Friday, February 12, 2021

You

 The young man sat on the back steps with a heavy ‘hmph’. “Why is it that all the best ones have to get stolen away?” He asked the empty yard. “First, it was Jay, then Mia, Renee, Tommy and Arnie.” His head hung low. Though no one was around, he still felt a need to at least try to hide his tears. “I know,” he whispered, picturing the face of his lost love in a puddle on the ground. “I know, Beau. You didn’t want me to cry. But losing you... it was the worst. It is the worst. Because you... you were the best. The best of all of them.” Each word he spoke was harder to get out then the last as tears streamed down his face.


The young man took a breath, trying hard to steady himself. He wanted to keep going and push through, but he wanted... no needed, to do so without having his voice quiver or break. He figured he owed Beau at least that much. “You,” he started again, “are the greatest gift I’ve ever gotten. Just you.” A montage of images, many of them moving, flashed through his mind. Of Beau, of the both of them together, happy and in love. The small smile that stretched across his lips was tinged with sadness. But he was ok with that. “If this is the price I have to pay, then so be it. Because anything is worth the chance to love and be loved by you.”

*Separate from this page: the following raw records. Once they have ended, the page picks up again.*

theorem corollary6p6:
  fixes n :: nat and A :: "nat set"
    and D :: "((nat \<Rightarrow> int) \<times> (nat \<times> bool) set) list"
  assumes "A \<subseteq> {1..n}"
    and "stanley_decomposition TYPE('k::field) n A D"
  shows "card {i. i < length D \<and>
            stanley_dim (D ! i) = Max {stanley_dim (D ! k) | k. k < length D}} = 2 ^ card A"
proof -
  have "finite A" using assms(1) finite_subset by blast
  have "card {i. i < length D \<and> stanley_dim (D ! i) = n} = card (orthant_gens n ` Pow A)"
    using bij_betw_stanley_decomposition_full_spaces[OF assms] by (rule bij_betw_same_card)
  also have "\<dots> = card (Pow A)" by (rule card_image[OF inj_on_subset[OF inj_orthant_gens]]) simp
  also have "\<dots> = 2 ^ card A" using \<open>finite A\<close> by (rule card_Pow)
  finally show ?thesis unfolding stanley_decomposition_max_dim[OF assms] .
qed

end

He remembered one time when they were together, laying quietly as the sunlight streaming in through the window warmed them. “You want to know something?”
“Tell me.” The young man had whispered against his lover’s lips.
“You’re my forever love.”
Just the sound of the words, spoken in Beau’s voice, almost melted him. “You’re my forever love,” he’d argued playfully. “And my every day Valentine.”
Beau’s giggle was etched in his memory, along with the cheeky smile.
“It just fits that your name is literally Valentine.” The young man smiled, both back in that moment, and again then, as he remembered the moment and relived it in his mind.

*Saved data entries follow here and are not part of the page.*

lemma dvd_falling_of_lambda_le:
  assumes "0 < degree g" "lambda_fn enum g \<le> k"
  shows "g dvd falling k b"
proof -
  have "g dvd falling (lambda_fn enum g) (a (lambda_fn enum g))" by (rule dvd_falling_lambda[OF assms(1)])
  also have "\<dots> dvd falling (lambda_fn enum g) b" by (rule falling_self_dvd)
  also have "\<dots> dvd falling k b" unfolding falling_def using assms(2) by (intro prod_dvd_prod_subset) auto
  finally show ?thesis .
qed

definition falling_poly :: "nat \<Rightarrow> 'a poly poly" where
  "falling_poly k = (\<Prod>j<k. [:- a j, 1:])"

lemma poly_falling_poly: "poly (falling_poly k) b = falling k b"
  by (simp add: falling_poly_def falling_def poly_prod)

lemma degree_falling_poly: "degree (falling_poly k) = k"
  by (simp add: falling_poly_def degree_prod_sum_eq)

lemma lead_coeff_falling_poly: "lead_coeff (falling_poly k) = 1"
  by (simp add: falling_poly_def lead_coeff_prod)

“Beau Valentine.” The name tasted like sugary syrup on his tongue, the sound a sweet symphony to his ears. “My Beau Valentine.” Beau’s smile had melted him too.

“My Beau Valentine,” the young man told the imagined reflection of his love. “My everyday valentine, my forever love. Because I choose you. Every day and forever.”

Wednesday, January 13, 2021

Aisling

I looked at the young man... or maybe more of a boy, tucked up tight in his bed sheets and sighed. There was no way he would go unless he was made to. I had no choice but to go and guide him on his way. So I returned to his bedside, night after night and sang to him. It was the only way.

 

All it took was one look at me, one glimpse of my face, and he was mesmerised. I knew from his eyes, glassy and glazed over. He was in my daze. Just where I wanted him. At the mercy of my will. I could've done whatever I had wanted...

 

To my horror, the boy opened his mouth, perhaps to protest. I had looked away. But I was quick in pressing a finger to his lips to silence him. "Shh. Come."

 

... correction- he'd do whatever I wanted, as long as I kept singing to him. My looks were one thing. Just a glimpse of me, a slightly transparent, yet glowing ghostly figure, would make any man weak at the knees. The reason I had to wear a veil everywhere I went. But my voice was what held the real power. So I opened my mouth and allowed my song to lap over him like waves. Once again, his eyes glazed over and he was hooked. I could have done anything, but I didn't want much- only a friend. This life of mine, lady of the lake, is a lonely one. You can hear it in my song if you listen closely. No one ever did though. No one ever has. Which is why I'm left with no choice but to use the charms of my voice. I didn't want to. Though, can someone who's been enchanted to you ever really be a true friend? Whether they can or not, he's the closest I have. Even then, I feel we're not quite there. I have sung to him for longer than I can remember and still, nothing. Whether it is he who disappears and breaks the connection or I, the problem remains. He does not. 

 

One day, he will come along with me. But that time will be different. Because that time, he will stay.